(Data records)
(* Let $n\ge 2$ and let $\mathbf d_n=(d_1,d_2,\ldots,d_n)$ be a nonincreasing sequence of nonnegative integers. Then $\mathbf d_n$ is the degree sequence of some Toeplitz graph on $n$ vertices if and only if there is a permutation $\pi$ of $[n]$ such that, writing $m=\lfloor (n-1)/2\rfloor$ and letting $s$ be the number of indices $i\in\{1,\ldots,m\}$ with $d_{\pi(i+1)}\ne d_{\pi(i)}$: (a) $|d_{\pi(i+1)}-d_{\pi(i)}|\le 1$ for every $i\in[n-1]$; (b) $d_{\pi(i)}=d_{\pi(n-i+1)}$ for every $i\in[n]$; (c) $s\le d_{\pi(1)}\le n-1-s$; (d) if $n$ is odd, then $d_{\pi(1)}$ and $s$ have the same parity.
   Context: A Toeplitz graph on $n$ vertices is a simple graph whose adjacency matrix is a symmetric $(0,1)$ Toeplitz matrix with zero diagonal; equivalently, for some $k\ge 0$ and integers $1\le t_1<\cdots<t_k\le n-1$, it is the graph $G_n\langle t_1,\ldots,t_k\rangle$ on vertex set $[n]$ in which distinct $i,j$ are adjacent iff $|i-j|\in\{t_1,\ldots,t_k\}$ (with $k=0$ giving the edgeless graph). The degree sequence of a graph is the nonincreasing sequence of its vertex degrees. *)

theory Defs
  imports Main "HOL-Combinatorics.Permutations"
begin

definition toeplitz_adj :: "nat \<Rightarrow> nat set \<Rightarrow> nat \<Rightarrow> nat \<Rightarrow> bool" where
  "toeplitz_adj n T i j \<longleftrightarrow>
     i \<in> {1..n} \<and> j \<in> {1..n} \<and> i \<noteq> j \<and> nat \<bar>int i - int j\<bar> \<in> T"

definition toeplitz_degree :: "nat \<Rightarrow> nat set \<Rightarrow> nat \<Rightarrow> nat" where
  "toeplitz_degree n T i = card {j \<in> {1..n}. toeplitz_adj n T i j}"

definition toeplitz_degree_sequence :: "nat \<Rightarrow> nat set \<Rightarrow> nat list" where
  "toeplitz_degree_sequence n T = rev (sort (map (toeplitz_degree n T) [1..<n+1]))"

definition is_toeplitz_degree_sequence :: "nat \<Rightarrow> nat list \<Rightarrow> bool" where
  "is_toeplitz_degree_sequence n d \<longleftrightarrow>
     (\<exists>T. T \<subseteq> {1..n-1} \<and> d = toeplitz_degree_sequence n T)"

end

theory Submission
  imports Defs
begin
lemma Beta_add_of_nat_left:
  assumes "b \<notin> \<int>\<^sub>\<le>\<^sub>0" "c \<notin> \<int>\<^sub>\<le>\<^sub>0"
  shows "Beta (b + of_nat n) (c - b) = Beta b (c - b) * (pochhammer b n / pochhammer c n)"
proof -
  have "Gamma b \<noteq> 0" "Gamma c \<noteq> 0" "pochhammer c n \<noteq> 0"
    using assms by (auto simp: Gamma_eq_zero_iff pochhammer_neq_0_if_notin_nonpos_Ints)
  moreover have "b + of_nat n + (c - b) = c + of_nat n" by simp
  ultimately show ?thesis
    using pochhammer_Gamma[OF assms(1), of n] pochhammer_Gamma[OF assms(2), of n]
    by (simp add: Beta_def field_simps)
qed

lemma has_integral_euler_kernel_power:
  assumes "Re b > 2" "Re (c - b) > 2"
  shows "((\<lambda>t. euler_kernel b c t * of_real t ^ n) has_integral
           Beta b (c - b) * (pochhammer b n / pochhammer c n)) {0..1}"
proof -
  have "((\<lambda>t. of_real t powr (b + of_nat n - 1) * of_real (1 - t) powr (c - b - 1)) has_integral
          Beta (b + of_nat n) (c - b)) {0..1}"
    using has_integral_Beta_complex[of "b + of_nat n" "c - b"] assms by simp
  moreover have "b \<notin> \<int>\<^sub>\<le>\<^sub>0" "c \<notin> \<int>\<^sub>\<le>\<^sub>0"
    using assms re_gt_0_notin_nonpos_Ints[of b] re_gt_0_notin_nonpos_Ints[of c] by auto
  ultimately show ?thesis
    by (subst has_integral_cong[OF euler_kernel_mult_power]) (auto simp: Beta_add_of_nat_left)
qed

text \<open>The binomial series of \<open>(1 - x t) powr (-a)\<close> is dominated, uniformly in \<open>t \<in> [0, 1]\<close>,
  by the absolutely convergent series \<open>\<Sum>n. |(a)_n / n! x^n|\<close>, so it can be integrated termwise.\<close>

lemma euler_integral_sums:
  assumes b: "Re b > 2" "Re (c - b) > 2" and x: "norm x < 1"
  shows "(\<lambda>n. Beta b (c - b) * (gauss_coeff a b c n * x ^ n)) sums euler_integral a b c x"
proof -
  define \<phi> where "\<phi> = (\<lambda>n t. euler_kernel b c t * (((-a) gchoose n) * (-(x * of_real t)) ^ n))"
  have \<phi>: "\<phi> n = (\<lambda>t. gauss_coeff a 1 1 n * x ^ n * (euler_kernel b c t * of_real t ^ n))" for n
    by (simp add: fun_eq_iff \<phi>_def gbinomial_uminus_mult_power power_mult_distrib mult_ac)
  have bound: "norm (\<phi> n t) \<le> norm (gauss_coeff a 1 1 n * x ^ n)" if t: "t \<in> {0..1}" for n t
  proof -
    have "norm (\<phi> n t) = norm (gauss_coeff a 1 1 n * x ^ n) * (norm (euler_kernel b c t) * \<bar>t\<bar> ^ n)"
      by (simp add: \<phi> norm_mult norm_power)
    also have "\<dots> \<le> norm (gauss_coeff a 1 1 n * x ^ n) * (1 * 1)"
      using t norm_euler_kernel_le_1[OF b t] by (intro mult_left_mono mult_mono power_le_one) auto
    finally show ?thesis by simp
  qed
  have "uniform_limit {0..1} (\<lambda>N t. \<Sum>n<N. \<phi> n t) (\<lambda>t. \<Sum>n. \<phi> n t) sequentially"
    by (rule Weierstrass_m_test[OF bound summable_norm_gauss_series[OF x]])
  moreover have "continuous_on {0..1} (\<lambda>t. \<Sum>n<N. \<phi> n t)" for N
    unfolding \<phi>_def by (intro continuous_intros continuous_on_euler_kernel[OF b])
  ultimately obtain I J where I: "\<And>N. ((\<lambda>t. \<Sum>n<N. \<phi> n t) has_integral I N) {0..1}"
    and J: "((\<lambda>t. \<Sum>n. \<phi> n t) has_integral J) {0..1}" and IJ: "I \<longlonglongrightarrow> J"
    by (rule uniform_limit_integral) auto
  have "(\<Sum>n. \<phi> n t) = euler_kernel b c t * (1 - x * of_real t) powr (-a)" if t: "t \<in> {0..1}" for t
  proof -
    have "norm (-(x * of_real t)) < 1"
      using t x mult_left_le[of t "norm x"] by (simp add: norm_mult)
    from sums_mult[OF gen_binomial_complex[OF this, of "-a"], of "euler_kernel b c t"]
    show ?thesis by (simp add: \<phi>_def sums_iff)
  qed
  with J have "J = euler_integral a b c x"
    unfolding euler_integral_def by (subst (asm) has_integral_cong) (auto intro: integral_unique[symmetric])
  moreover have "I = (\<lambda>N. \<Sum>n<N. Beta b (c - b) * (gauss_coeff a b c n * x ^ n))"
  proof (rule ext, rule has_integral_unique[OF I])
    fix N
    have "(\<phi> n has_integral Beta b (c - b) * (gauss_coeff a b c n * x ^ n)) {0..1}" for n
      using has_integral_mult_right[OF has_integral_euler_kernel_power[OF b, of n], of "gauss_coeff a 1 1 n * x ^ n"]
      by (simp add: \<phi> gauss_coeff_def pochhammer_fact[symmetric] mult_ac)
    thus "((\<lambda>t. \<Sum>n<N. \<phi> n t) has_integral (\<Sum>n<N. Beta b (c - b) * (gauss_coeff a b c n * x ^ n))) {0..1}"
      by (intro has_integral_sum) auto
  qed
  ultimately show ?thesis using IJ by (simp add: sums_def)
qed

• **PROBLEM REQUIREMENTS**: Using the records above, report each line with the string "lemma".

• **EXPECTED OUTPUT**:
lemma Beta_add_of_nat_left:
lemma has_integral_euler_kernel_power:
lemma euler_integral_sums:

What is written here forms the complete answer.